## HOW TO COMPLETE THIS TASK
Which lines in the records below hold the word "False"? Copy each of them.

(Dataset entries)
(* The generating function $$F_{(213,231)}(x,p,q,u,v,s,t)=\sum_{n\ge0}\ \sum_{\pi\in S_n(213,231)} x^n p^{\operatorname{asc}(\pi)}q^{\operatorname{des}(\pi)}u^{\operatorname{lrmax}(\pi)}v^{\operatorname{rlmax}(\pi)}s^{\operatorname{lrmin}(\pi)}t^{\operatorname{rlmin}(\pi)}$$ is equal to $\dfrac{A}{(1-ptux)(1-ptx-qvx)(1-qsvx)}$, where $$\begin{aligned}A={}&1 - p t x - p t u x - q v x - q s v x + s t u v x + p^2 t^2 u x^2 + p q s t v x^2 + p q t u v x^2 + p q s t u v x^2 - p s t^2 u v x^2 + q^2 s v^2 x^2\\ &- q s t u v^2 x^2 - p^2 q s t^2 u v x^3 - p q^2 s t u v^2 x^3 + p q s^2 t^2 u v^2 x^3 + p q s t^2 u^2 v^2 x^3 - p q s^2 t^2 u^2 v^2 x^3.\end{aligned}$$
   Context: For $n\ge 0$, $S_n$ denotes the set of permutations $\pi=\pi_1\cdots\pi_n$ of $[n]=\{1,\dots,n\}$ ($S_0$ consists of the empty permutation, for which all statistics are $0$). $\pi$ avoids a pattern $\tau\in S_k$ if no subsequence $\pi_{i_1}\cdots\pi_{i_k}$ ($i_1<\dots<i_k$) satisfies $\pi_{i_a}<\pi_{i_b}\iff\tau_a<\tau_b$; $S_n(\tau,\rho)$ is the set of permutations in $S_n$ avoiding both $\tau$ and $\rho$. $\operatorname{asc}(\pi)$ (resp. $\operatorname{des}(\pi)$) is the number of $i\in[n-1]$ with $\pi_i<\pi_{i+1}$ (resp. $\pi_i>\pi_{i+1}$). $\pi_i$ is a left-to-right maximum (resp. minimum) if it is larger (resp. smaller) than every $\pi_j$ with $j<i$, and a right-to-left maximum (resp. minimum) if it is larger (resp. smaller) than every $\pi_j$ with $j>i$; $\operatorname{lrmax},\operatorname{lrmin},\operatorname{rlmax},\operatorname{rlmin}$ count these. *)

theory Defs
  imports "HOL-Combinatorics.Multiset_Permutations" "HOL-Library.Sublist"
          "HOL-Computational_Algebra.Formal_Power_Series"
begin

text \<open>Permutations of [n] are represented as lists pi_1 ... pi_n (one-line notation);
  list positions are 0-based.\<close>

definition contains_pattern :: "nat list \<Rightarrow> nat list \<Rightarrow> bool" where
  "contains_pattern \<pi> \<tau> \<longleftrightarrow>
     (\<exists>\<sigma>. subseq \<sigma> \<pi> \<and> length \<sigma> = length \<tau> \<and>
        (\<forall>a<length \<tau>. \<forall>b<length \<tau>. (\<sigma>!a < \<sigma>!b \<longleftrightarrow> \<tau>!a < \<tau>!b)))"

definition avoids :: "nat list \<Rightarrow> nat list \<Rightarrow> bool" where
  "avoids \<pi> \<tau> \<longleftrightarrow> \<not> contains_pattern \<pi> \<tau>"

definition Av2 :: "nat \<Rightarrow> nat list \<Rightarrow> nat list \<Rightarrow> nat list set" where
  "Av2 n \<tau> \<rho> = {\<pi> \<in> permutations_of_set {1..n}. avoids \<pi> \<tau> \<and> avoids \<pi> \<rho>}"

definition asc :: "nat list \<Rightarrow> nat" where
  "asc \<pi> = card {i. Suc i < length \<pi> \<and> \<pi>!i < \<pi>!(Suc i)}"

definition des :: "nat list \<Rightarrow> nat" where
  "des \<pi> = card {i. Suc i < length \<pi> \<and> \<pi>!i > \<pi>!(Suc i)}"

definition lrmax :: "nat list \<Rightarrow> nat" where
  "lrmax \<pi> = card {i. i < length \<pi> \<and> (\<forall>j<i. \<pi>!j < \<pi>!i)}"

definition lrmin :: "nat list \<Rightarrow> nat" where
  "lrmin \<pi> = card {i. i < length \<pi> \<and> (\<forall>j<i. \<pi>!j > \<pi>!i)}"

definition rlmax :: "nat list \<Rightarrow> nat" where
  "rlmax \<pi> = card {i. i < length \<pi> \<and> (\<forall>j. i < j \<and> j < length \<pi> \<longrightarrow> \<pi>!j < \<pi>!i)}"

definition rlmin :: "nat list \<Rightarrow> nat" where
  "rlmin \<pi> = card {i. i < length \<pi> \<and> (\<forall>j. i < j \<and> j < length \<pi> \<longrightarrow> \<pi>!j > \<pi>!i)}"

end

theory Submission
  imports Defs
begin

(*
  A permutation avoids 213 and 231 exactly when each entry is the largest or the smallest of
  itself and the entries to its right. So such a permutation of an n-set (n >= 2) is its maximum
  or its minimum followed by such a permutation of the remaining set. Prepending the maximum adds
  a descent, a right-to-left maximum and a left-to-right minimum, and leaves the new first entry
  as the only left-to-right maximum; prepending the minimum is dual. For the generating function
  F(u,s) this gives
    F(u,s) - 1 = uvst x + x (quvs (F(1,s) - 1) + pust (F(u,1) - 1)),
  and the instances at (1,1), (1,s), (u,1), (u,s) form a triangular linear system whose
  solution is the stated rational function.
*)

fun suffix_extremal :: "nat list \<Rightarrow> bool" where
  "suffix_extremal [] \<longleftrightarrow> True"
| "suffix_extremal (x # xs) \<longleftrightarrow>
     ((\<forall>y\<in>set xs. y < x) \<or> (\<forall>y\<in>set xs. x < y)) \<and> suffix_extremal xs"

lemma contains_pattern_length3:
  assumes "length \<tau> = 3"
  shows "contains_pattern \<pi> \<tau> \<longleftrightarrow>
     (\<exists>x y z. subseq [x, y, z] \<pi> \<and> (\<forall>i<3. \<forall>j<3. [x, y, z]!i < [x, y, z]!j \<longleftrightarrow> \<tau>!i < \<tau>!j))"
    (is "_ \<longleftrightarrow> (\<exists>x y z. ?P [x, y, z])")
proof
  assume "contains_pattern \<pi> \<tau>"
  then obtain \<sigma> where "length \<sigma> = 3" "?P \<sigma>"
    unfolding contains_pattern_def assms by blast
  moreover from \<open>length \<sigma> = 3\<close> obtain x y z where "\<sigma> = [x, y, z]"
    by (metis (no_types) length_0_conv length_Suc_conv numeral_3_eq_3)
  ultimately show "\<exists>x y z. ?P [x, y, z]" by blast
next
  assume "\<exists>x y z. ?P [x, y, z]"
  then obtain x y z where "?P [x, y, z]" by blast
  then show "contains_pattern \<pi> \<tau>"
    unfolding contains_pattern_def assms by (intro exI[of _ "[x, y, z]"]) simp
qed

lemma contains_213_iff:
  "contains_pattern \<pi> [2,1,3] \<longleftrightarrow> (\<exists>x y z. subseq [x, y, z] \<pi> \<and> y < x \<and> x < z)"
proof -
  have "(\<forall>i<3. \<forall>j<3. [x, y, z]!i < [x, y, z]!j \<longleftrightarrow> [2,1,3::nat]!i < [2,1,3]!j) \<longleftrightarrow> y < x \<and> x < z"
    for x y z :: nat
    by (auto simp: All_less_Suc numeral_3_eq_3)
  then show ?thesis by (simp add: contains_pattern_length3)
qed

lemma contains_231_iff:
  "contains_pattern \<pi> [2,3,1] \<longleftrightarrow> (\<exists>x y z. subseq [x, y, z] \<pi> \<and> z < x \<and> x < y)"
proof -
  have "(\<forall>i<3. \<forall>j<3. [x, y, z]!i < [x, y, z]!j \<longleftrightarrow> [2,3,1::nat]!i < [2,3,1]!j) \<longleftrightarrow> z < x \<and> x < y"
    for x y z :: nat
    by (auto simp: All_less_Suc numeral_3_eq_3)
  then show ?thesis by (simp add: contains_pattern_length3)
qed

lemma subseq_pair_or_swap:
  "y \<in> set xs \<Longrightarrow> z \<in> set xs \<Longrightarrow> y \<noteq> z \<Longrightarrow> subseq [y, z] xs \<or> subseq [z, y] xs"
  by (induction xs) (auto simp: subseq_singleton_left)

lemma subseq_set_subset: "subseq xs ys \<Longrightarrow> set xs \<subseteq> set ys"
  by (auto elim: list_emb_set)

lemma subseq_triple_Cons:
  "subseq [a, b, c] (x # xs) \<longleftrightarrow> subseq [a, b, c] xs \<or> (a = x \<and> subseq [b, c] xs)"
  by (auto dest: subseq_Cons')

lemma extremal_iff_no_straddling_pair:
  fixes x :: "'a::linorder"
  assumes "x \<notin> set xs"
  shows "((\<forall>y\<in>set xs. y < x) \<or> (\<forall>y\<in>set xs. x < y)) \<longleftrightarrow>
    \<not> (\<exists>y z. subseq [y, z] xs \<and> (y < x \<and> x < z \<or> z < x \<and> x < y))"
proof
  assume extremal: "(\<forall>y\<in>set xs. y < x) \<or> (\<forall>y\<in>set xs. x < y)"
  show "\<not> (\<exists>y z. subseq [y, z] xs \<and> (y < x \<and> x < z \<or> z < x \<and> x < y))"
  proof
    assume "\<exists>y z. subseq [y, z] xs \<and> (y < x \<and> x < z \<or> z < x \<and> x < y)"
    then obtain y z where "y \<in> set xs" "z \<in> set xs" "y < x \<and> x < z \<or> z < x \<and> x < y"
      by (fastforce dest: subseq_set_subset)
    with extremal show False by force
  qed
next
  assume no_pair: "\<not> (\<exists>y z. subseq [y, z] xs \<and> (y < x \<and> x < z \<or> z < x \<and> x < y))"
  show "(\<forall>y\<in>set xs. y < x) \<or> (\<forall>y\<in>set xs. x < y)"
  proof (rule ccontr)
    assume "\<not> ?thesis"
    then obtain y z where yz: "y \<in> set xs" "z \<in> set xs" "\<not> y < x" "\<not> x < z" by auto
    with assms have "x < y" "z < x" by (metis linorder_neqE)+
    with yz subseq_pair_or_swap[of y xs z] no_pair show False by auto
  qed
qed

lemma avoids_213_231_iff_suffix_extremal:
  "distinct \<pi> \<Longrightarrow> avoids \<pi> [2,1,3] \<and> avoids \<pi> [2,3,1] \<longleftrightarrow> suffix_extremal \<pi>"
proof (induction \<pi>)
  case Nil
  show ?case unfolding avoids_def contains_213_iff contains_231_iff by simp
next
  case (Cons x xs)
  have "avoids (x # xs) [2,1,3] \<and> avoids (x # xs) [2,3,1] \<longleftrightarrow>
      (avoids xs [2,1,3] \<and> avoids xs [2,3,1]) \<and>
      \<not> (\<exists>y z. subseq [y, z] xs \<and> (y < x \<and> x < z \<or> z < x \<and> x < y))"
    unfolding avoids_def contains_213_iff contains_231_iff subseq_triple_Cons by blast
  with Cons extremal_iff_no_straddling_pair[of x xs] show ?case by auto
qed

## RESPONSE AREA
    with extremal show False by force
    with yz subseq_pair_or_swap[of y xs z] no_pair show False by auto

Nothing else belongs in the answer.